## What the task asks
Your answer must hold only the lines below from the line containing "proof (rule Min_eqI)" through the line containing "unfolding ksum_def by (rule sum.swap)", each reproduced exactly.

Saved data entries:
---------------

(* Let $k$ be even and let $n>k$ be an integer with $n\equiv k/2\pmod k$. Then $\mathrm{msum}(n,k)=1$, and if moreover $n$ is odd, then also $\mathrm{disc}(n,k)=1$.
   Context: Let $n,k$ be positive integers with $n>k$ and let $S_n$ be the set of permutations $\pi=(\pi_1,\dots,\pi_n)$ of $1,\dots,n$. Indices are taken cyclically: $\pi_{n+i}=\pi_i$. The $k$-consecutive sums of $\pi$ are $s_i=\sum_{j=0}^{k-1}\pi_{i+j}$ for $i=1,\dots,n$. Define $\mathrm{msum}(\pi,k)=\max\{s_i: 1\le i\le n\}-\frac{k(n+1)}{2}$, $\mathrm{msum}(n,k)=\min\{\mathrm{msum}(\pi,k):\pi\in S_n\}$, $\mathrm{disc}(\pi,k)=\max\{|s_i-\frac{k(n+1)}{2}|:1\le i\le n\}$ and $\mathrm{disc}(n,k)=\min\{\mathrm{disc}(\pi,k):\pi\in S_n\}$. *)

theory Defs
  imports Complex_Main "HOL-Combinatorics.Multiset_Permutations"
begin

text \<open>A permutation pi = (pi_1,...,pi_n) of 1..n is a list xs with
  set xs = {1..n} and distinct xs; pi_i is xs ! (i-1).
  The i-th k-consecutive sum (i = 1..n) is written with 0-based index i < n:
  s_i = sum_{j<k} xs ! ((i + j) mod n).\<close>

definition ksum :: "nat list \<Rightarrow> nat \<Rightarrow> nat \<Rightarrow> nat" where
  "ksum xs k i = (\<Sum>j<k. xs ! ((i + j) mod length xs))"

definition msum_perm :: "nat list \<Rightarrow> nat \<Rightarrow> real" where
  "msum_perm xs k =
     Max {real (ksum xs k i) | i. i < length xs} - real k * (real (length xs) + 1) / 2"

definition msum :: "nat \<Rightarrow> nat \<Rightarrow> real" where
  "msum n k = Min ((\<lambda>xs. msum_perm xs k) ` permutations_of_set {1..n})"

definition disc_perm :: "nat list \<Rightarrow> nat \<Rightarrow> real" where
  "disc_perm xs k =
     Max {\<bar>real (ksum xs k i) - real k * (real (length xs) + 1) / 2\<bar> | i. i < length xs}"

definition disc :: "nat \<Rightarrow> nat \<Rightarrow> real" where
  "disc n k = Min ((\<lambda>xs. disc_perm xs k) ` permutations_of_set {1..n})"

end

theory Submission
  imports Defs
begin

(* The lower bounds: the n window sums add up to k (1 + ... + n), so their average is
   k (n + 1) / 2, an integer because k is even. They are not all equal, since consecutive
   windows differ by pi_(i+k) - pi_i <> 0; hence some window exceeds the average by at
   least 1, and disc dominates msum.

   Write k = 2 m and n = r m with r = 2 q + 1,
   and fill an r x m grid row by row: column c receives the block r c + 1, ..., r c + r,
   ordered down the rows by a bijection b onto 1..r in even columns and by r + 1 - b in
   odd columns. A window of length 2 m meets every column in two vertically adjacent
   cells, so its excess over the average is an alternating sum of the row excesses
   b a + b (a + 1) - (r + 1), which collapses to a combination of at most two of them.
   For odd m the order 1, 2q, 3, 2q - 2, ... has all row excesses in {-1, 0, 1}; for
   even m the order 1, q + 2, 2, q + 3, ... has row excesses increasing by at most 1
   from one row to the next, which bounds every window sum by the average plus 1. *)

lemma sum_lessThan_rotate:
  fixes h :: "nat \<Rightarrow> 'a::comm_monoid_add"
  assumes "0 < n"
  shows "(\<Sum>i<n. h ((i + j) mod n)) = (\<Sum>i<n. h i)"
proof (induction j)
  case 0
  show ?case by (intro sum.cong) auto
next
  case (Suc j)
  obtain n' where n: "n = Suc n'" using assms by (cases n) auto
  let ?g = "\<lambda>i. h ((i + j) mod n)"
  have "(\<Sum>i<n. h ((i + Suc j) mod n)) = (\<Sum>i<n. ?g (Suc i mod n))"
    by (intro sum.cong) (auto simp: mod_add_left_eq)
  also have "\<dots> = (\<Sum>i<n'. ?g (Suc i)) + ?g 0"
    using n by (simp add: sum.lessThan_Suc)
  also have "\<dots> = (\<Sum>i<n. ?g i)"
    using n sum.lessThan_Suc_shift[of ?g n'] by (simp add: add.commute)
  finally show ?case using Suc by simp
qed

lemma sum_lessThan_double:
  fixes f :: "nat \<Rightarrow> 'a::comm_monoid_add"
  shows "(\<Sum>j<2 * m. f j) = (\<Sum>j<m. f j + f (j + m))"
proof -
  have "(\<Sum>j<2 * m. f j) = (\<Sum>j\<in>{0..<m}. f j) + (\<Sum>j\<in>{0 + m..<m + m}. f j)"
    by (simp add: sum.atLeastLessThan_concat mult_2 atLeast0LessThan[symmetric])
  also have "\<dots> = (\<Sum>j<m. f j) + (\<Sum>j<m. f (j + m))"
    by (simp only: sum.shift_bounds_nat_ivl atLeast0LessThan)
  finally show ?thesis by (simp add: sum.distrib)
qed

lemma sum_alternating_signs: "(\<Sum>c<t. (-1) ^ c :: int) = int (t mod 2)"
proof (induction t)
  case (Suc t)
  then show ?case by (cases "even t") (simp_all add: mod_Suc even_iff_mod_2_eq_zero)
qed simp

lemma sum_alternating_switch:
  fixes x y :: int
  assumes "t \<le> m"
  shows "(\<Sum>c<m. (-1) ^ c * (if t \<le> c then x else y)) = int (m mod 2) * x + int (t mod 2) * (y - x)"
proof -
  have "(-1) ^ c * (if t \<le> c then x else y) = (-1) ^ c * x + (if c < t then (-1) ^ c * (y - x) else 0)"
    for c :: nat
    by (simp add: algebra_simps)
  moreover have "{..<m} \<inter> {..<t} = {..<t}" using assms by auto
  then have "(\<Sum>c<m. if c < t then (-1) ^ c * (y - x) else 0) = (\<Sum>c<t. (-1) ^ c * (y - x))"
    using sum.inter_restrict[of "{..<m}" "\<lambda>c. (-1) ^ c * (y - x)" "{..<t}"] by simp
  ultimately show ?thesis
    by (simp add: sum.distrib sum_distrib_right[symmetric] sum_alternating_signs)
qed

lemma mod_mult_right_div:
  fixes x m r :: nat
  assumes "0 < m"
  shows "x mod (r * m) div m = x div m mod r" and "x mod (r * m) mod m = x mod m"
proof -
  have "x mod (r * m) = m * (x div m mod r) + x mod m"
    using mod_mult2_eq[of x m r] by (simp add: mult.commute)
  then show "x mod (r * m) div m = x div m mod r" "x mod (r * m) mod m = x mod m"
    using assms by simp_all
qed

lemma bij_betw_lessThan_atLeastAtMost:
  fixes f :: "nat \<Rightarrow> nat"
  assumes "inj_on f {..<r}" and "\<And>a. a < r \<Longrightarrow> f a \<in> {1..r}"
  shows "bij_betw f {..<r} {1..r}"
proof -
  have "f ` {..<r} \<subseteq> {1..r}" using assms(2) by auto
  moreover have "card (f ` {..<r}) = card {1..r}"
    by (simp only: card_image[OF assms(1)] card_lessThan card_atLeastAtMost diff_Suc_1)
  ultimately show ?thesis using assms(1) by (simp add: bij_betw_def card_subset_eq)
qed

lemma Min_image_eqI:
  assumes "finite A" "x \<in> A" "f x \<le> c" "\<And>y. y \<in> A \<Longrightarrow> c \<le> f y"
  shows "Min (f ` A) = c"
proof (rule Min_eqI)
  show "c \<in> f ` A" using assms(2-4) by (metis antisym image_eqI)
qed (use assms in auto)

lemma sum_ksum:
  assumes "xs \<noteq> []"
  shows "(\<Sum>i<length xs. ksum xs k i) = k * sum_list xs"
proof -
  have "(\<Sum>i<length xs. ksum xs k i) = (\<Sum>j<k. \<Sum>i<length xs. xs ! ((i + j) mod length xs))"
    unfolding ksum_def by (rule sum.swap)
  also have "\<dots> = (\<Sum>j<k. \<Sum>i<length xs. xs ! i)"
    using assms by (simp add: sum_lessThan_rotate)
  finally show ?thesis by (simp add: sum_list_sum_nth atLeast0LessThan)
qed

lemma ksum_Suc:
  "ksum xs k (Suc i) + xs ! (i mod length xs) = ksum xs k i + xs ! ((i + k) mod length xs)"
proof -
  let ?f = "\<lambda>j. xs ! ((i + j) mod length xs)"
  have "(\<Sum>j<Suc k. ?f j) = (\<Sum>j<k. ?f (Suc j)) + ?f 0"
    using sum.lessThan_Suc_shift[of ?f k] by simp
  then show ?thesis unfolding ksum_def by simp
qed

lemma permutation_sum_list:
  fixes xs :: "nat list"
  assumes "xs \<in> permutations_of_set {1..n}"
  shows "2 * sum_list xs = n * (n + 1)"
proof -
  have "sum_list xs = \<Sum>{1..n}"
    using assms sum_list_distinct_conv_sum_set[of xs "\<lambda>x. x"]
    by (simp add: permutations_of_setD)
  then show ?thesis using double_gauss_sum_from_Suc_0[of n, where ?'a = nat] by simp
qed

lemma ksum_exceeds_average:
  assumes xs: "xs \<in> permutations_of_set {1..n}" and k: "0 < k" "k < n"
  shows "\<exists>i<n. k * (n + 1) < 2 * ksum xs k i"
proof (rule ccontr)
  assume "\<not> ?thesis"
  then have le: "\<forall>i<n. 2 * ksum xs k i \<le> k * (n + 1)" by auto
  have len: "length xs = n" using length_finite_permutations_of_set[OF xs] by simp
  have "xs \<noteq> []" using len k by auto
  then have "2 * (\<Sum>i<n. ksum xs k i) = k * (n * (n + 1))"
    using sum_ksum[of xs k] permutation_sum_list[OF xs] len by simp
  then have "(\<Sum>i<n. 2 * ksum xs k i) = (\<Sum>i<n. k * (n + 1))"
    by (simp add: sum_distrib_left[symmetric] algebra_simps)
  then have eq: "\<forall>i<n. 2 * ksum xs k i = k * (n + 1)"
    using le sum_strict_mono_ex1[of "{..<n}" "\<lambda>i. 2 * ksum xs k i" "\<lambda>_. k * (n + 1)"]
    by (metis finite_lessThan le_neq_implies_less lessThan_iff less_irrefl)
  have "ksum xs k 1 + xs ! 0 = ksum xs k 0 + xs ! k"
    using ksum_Suc[of xs k 0] len k by simp
  moreover have "ksum xs k 1 = ksum xs k 0" 
    using eq[rule_format, of 0] eq[rule_format, of 1] k by simp
  ultimately have "xs ! 0 = xs ! k" by simp
  then show False
    using k len permutations_of_setD(2)[OF xs] nth_eq_iff_index_eq[of xs 0 k] by simp
qed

---------------

## Solution
proof (rule Min_eqI)
  show "c \<in> f ` A" using assms(2-4) by (metis antisym image_eqI)
qed (use assms in auto)

lemma sum_ksum:
  assumes "xs \<noteq> []"
  shows "(\<Sum>i<length xs. ksum xs k i) = k * sum_list xs"
proof -
  have "(\<Sum>i<length xs. ksum xs k i) = (\<Sum>j<k. \<Sum>i<length xs. xs ! ((i + j) mod length xs))"
    unfolding ksum_def by (rule sum.swap)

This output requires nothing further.